На очередной станции свет был совсем тусклым. В вагон ввалилась толпа молодых людей в маскарадных костюмах, сопровождаемая резкими трелями трещоток и свистулек. На ряженых были довольно-таки неприятные маски из папье-маше или чего-то типа этого: коза с стеклянно блестящими глазами, кудлатый медведелев в шубе, цыган со здоровым носом и белоснежной улыбкой, старик с белыми волосами из пряжи и небрежно зачерненным какой-то краской лицом и руками, так что остались разводы. Одна из девиц просто распустила волосы и надела капюшон, так что лица не было видно, у другой голова была замотана марлей, а куртка наизнанку. Двое изображали лошадь, спрятанные под дубленкой, голова лошади была из соломы и насажена на небольшие вилы. Толстушка проснулась и осоловело наблюдала за ряжеными. Мужчина справа поморщился:

- Вот им мало праздничных дней, до сих пор гуляет пьянь. И маски такие мерзкие, только в фильмах ужасов снимать.

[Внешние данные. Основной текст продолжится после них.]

text \<open>The strong Markov property at the first visit: after the first visit the walk starts afresh.\<close>

lemma sum_words_restart:
  fixes F :: "('a \<times> bool) list \<Rightarrow> real"
  assumes "finite L" and F: "\<And>v. F (take n v) = F v"
  shows "(\<Sum>g\<in>words L (n + n).
            if hit_times S n g \<noteq> {} then F (drop (Min (hit_times S n g)) g) else 0)
       = real (card {g \<in> words L n. hit_times S n g \<noteq> {}}) * (\<Sum>v\<in>words L n. F v)"
proof -
  have restart: "(\<Sum>v\<in>words L (n + (n - j)). F v) = real (card L) ^ (n - j) * (\<Sum>v\<in>words L n. F v)"
    for j
    using sum_words_take[OF assms(1), of F n "n - j"] F by simp
  have "real (card {g \<in> words L n. hit_times S n g \<noteq> {}})
      = (\<Sum>g\<in>words L n. if hit_times S n g \<noteq> {} then 1 else 0)"
    using finite_words[OF assms(1)] by (simp add: sum.If_cases Int_def)
  also have "\<dots> = (\<Sum>j\<in>{1..n}. \<Sum>u\<in>words L j.
      if first_hit_at S j u then real (card L) ^ (n - j) else 0)"
    using sum_words_first_hit[OF assms(1) order_refl, where F = "\<lambda>_ _. 1"]
      card_words[OF assms(1)] by (simp cong: if_cong)
  finally have card: "real (card {g \<in> words L n. hit_times S n g \<noteq> {}})
      = (\<Sum>j\<in>{1..n}. \<Sum>u\<in>words L j. if first_hit_at S j u then real (card L) ^ (n - j) else 0)" .
  have "(\<Sum>g\<in>words L (n + n). if hit_times S n g \<noteq> {} then F (drop (Min (hit_times S n g)) g) else 0)
      = (\<Sum>j\<in>{1..n}. \<Sum>u\<in>words L j. if first_hit_at S j u then (\<Sum>v\<in>words L (n + n - j). F v) else 0)"
    using sum_words_first_hit[OF assms(1), of n "n + n" S "\<lambda>_. F"] by simp
  also have "\<dots> = (\<Sum>j\<in>{1..n}. \<Sum>u\<in>words L j.
      (if first_hit_at S j u then real (card L) ^ (n - j) else 0) * (\<Sum>v\<in>words L n. F v))"
    by (intro sum.cong refl) (simp add: restart flip: restart[of j] add_diff_assoc)
  finally show ?thesis
    by (simp add: card sum_distrib_right)
qed

lemma twice_le_of_mult_le_mult_diff:
  fixes a b q x :: real
  assumes "0 < a" "0 \<le> b" "0 \<le> q" "q \<le> a" "a * x \<le> q * (a * b - x)"
  shows "2 * x \<le> a * b"
proof (cases "a * b - x \<le> 0")
  case True
  then have "a * x \<le> 0"
    using assms(3,5) mult_nonneg_nonpos order_trans by blast
  then have "x \<le> 0"
    using assms(1) by (simp add: mult_le_0_iff)
  moreover have "0 \<le> a * b"
    using assms(1,2) by simp
  ultimately show ?thesis
    using True by linarith
next
  case False
  then have "q * (a * b - x) \<le> a * (a * b - x)"
    using assms(4) by (intro mult_right_mono) auto
  then have "a * x \<le> a * (a * b - x)"
    using assms(5) by linarith
  then have "x \<le> a * b - x"
    using assms(1) by simp
  then show ?thesis
    by linarith
qed
theorem matuszewska_integrated_tail_bar:
  assumes "right_endpoint F = \<infinity>"
  shows "upper_matuszewska (integrated_tail_bar F) \<le> upper_matuszewska Fbar + 1"
    and "lower_matuszewska Fbar + 1 \<le> lower_matuszewska (integrated_tail_bar F)"
proof -
  have Fbar_pos: "eventually (\<lambda>x. Fbar x > 0) at_top"
    using F_less_1_if_right_endpoint_infinite[OF assms] by simp
  have G_pos: "eventually (\<lambda>x. integrated_tail_bar F x > 0) at_top"
    using eventually_ge_at_top[of 0]
  proof eventually_elim
    case (elim x)
    thus ?case using F_less_1_if_right_endpoint_infinite[OF assms] cdf_mean_pos
      by (simp add: integrated_tail_bar_eq integral_Fbar_pos[of x "x + 1"])
  qed
  have "eventually (\<lambda>x. \<forall>\<mu>\<ge>1. \<forall>K. (\<forall>t\<ge>x. Fbar (\<mu> * t) \<le> K * Fbar t)
      \<longrightarrow> integrated_tail_bar F (\<mu> * x) \<le> \<mu> powr 1 * K * integrated_tail_bar F x) at_top"
    using eventually_ge_at_top[of 0] by eventually_elim (blast intro: integrated_tail_bar_scaled_le)
  from upper_matuszewska_transfer[OF Fbar_pos G_pos this]
  show "upper_matuszewska (integrated_tail_bar F) \<le> upper_matuszewska Fbar + 1"
    by (simp add: one_ereal_def)
  have "eventually (\<lambda>x. \<forall>\<mu>\<ge>1. \<forall>K. (\<forall>t\<ge>x. Fbar (\<mu> * t) \<ge> K * Fbar t)
      \<longrightarrow> integrated_tail_bar F (\<mu> * x) \<ge> \<mu> powr 1 * K * integrated_tail_bar F x) at_top"
    using eventually_ge_at_top[of 0] by eventually_elim (blast intro: integrated_tail_bar_scaled_ge)
  from lower_matuszewska_transfer[OF Fbar_pos G_pos this]
  show "lower_matuszewska Fbar + 1 \<le> lower_matuszewska (integrated_tail_bar F)"
    by (simp add: one_ereal_def)
qed

context
  fixes r :: real
  assumes endpoint: "right_endpoint F = ereal r"
begin

lemma F_less_1_below_right_endpoint: "y < r \<Longrightarrow> F y < 1"
proof -
  assume "y < r"
  hence "ereal y < Sup (ereal ` {x. F x < 1})" using endpoint by (simp add: right_endpoint_def)
  then obtain z where "F z < 1" "y < z" by (auto simp: less_Sup_iff)
  thus "F y < 1" using mono by (meson le_less_trans less_imp_le monoD)
qed

lemma Fbar_eq_0_above_right_endpoint:
  assumes "r \<le> y"
  shows "Fbar y = 0"
proof -
  have F_eq_1: "F z = 1" if "r < z" for z
  proof (rule ccontr)
    assume "F z \<noteq> 1"
    hence "ereal z \<le> right_endpoint F"
      using F_le_1[of z] unfolding right_endpoint_def by (intro Sup_upper) auto
    thus False using endpoint that by simp
  qed
  have "eventually (\<lambda>z. F z = 1) (at_right r)"
    unfolding eventually_at_right_field using F_eq_1 by (intro exI[of _ "r + 1"]) auto
  hence "(F \<longlongrightarrow> 1) (at_right r)" by (rule tendsto_eventually)
  moreover have "(F \<longlongrightarrow> F r) (at_right r)" using rcont[of r] by (simp add: continuous_within)
  ultimately have "F r = 1" using tendsto_unique trivial_limit_at_right_real by blast
  thus ?thesis using assms F_eq_1 by (cases "y = r") auto
qed

lemma right_endpoint_pos: "0 < r"
  using F_less_1_below_right_endpoint Fbar_eq_0_above_right_endpoint[of 0] F0 by force

lemma reflected_point_nonneg:
  assumes "1 / r < x"
  shows "0 < x" and "0 \<le> r - 1 / x"
proof -
  show "0 < x" using assms right_endpoint_pos by (smt (verit) divide_pos_pos)
  thus "0 \<le> r - 1 / x" using assms right_endpoint_pos by (simp add: field_simps)
qed

lemma reflection_cases:
  assumes "0 < x" "1 \<le> \<mu>" "r - 1 / x \<le> s"
  obtains (beyond) "Fbar (1 / \<mu> * s + (r - r / \<mu>)) = 0" "Fbar s = 0"
  | (reflected) t where "x \<le> t" "1 / \<mu> * s + (r - r / \<mu>) = r - 1 / (\<mu> * t)" "s = r - 1 / t"
proof (cases "s < r")
  case True
  have "x \<le> 1 / (r - s)"
    using assms True by (simp add: field_simps)
  moreover have "1 / \<mu> * s + (r - r / \<mu>) = r - 1 / (\<mu> * (1 / (r - s)))"
    using assms True by (simp add: field_simps)
  ultimately show ?thesis using that(2)[of "1 / (r - s)"] by simp
next
  case False
  have "r \<le> 1 / \<mu> * s + (r - r / \<mu>)"
    using False assms by (simp add: field_simps)
  thus ?thesis using that(1) False Fbar_eq_0_above_right_endpoint by simp
qed

lemma integrated_tail_bar_reflected:
  assumes x: "1 / r < x" and \<mu>: "1 \<le> \<mu>"
  shows "(\<lambda>s. Fbar (1 / \<mu> * s + (r - r / \<mu>))) integrable_on {r - 1 / x..}"
    and "integrated_tail_bar F (r - 1 / (\<mu> * x))
           = \<mu> powr (-1) * integral {r - 1 / x..} (\<lambda>s. Fbar (1 / \<mu> * s + (r - r / \<mu>))) / cdf_mean F"
proof -
  note x_pos = reflected_point_nonneg[OF x]
  have image: "1 / \<mu> * (r - 1 / x) + (r - r / \<mu>) = r - 1 / (\<mu> * x)"
    using x_pos \<mu> by (simp add: field_simps)
  have "1 / (\<mu> * x) \<le> 1 / x"
    using x_pos \<mu> by (simp add: field_simps)
  hence "0 \<le> r - 1 / x" "0 \<le> 1 / \<mu> * (r - 1 / x) + (r - r / \<mu>)"
    using x_pos unfolding image by linarith+
  note affine = integrated_tail_bar_affine[of "1 / \<mu>", OF _ this]
  show "(\<lambda>s. Fbar (1 / \<mu> * s + (r - r / \<mu>))) integrable_on {r - 1 / x..}"
    using affine(1) \<mu> by simp
  show "integrated_tail_bar F (r - 1 / (\<mu> * x))
      = \<mu> powr (-1) * integral {r - 1 / x..} (\<lambda>s. Fbar (1 / \<mu> * s + (r - r / \<mu>))) / cdf_mean F"
    using affine(2) \<mu> unfolding image by (simp add: powr_minus_divide)
qed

Ряженным не сиделось спокойно, они начали толкаться и бороться, коза изображала, что наскакивает на медведя. Старик испачканными руками стал мазать стены и рекламные щиты, оставляя жирные черные следы, цыган резал чем-то острым сиденья. Остальные приплясывали вокруг в ритмичном хороводе, гудение свистулек и треск пробивались даже сквозь шум поезда. Сосед с тревогой посмотрел на меня, женщина по диагонали испугано вжалась в сиденье. Стоило бы, конечно, прикрикнуть на хулиганов, но их было многовато, и, судя по поведению, они были явно под чем-то.

В это время коза стянула с цыгана шапку и подошла к толстушке, протянув для подаяния. Девица в марле и лошадь прекратили пляску, и потрусили за ней. Женщина испуганно достала какую-то купюру из кошелька, кажется, даже не рассматривая номинал, и быстро сунула в шапку. Коза поклонилась, и вся процессия перешла к нам, еще двое, медведь и вторая девица также закончили пляску и присоединились к козе. Я мельком отметил странную манеру движения и волосатой девки, но не смог сразу понять, что с ней не так. Теперь они склонились к мужику со смартфоном, но тот сделал вид, что не замечает протянутого головного убора, поглощенный чтением. Они постояли немного, оставшиеся ряженые присоединились к ним, и теперь у наших мест столпилась вся группа.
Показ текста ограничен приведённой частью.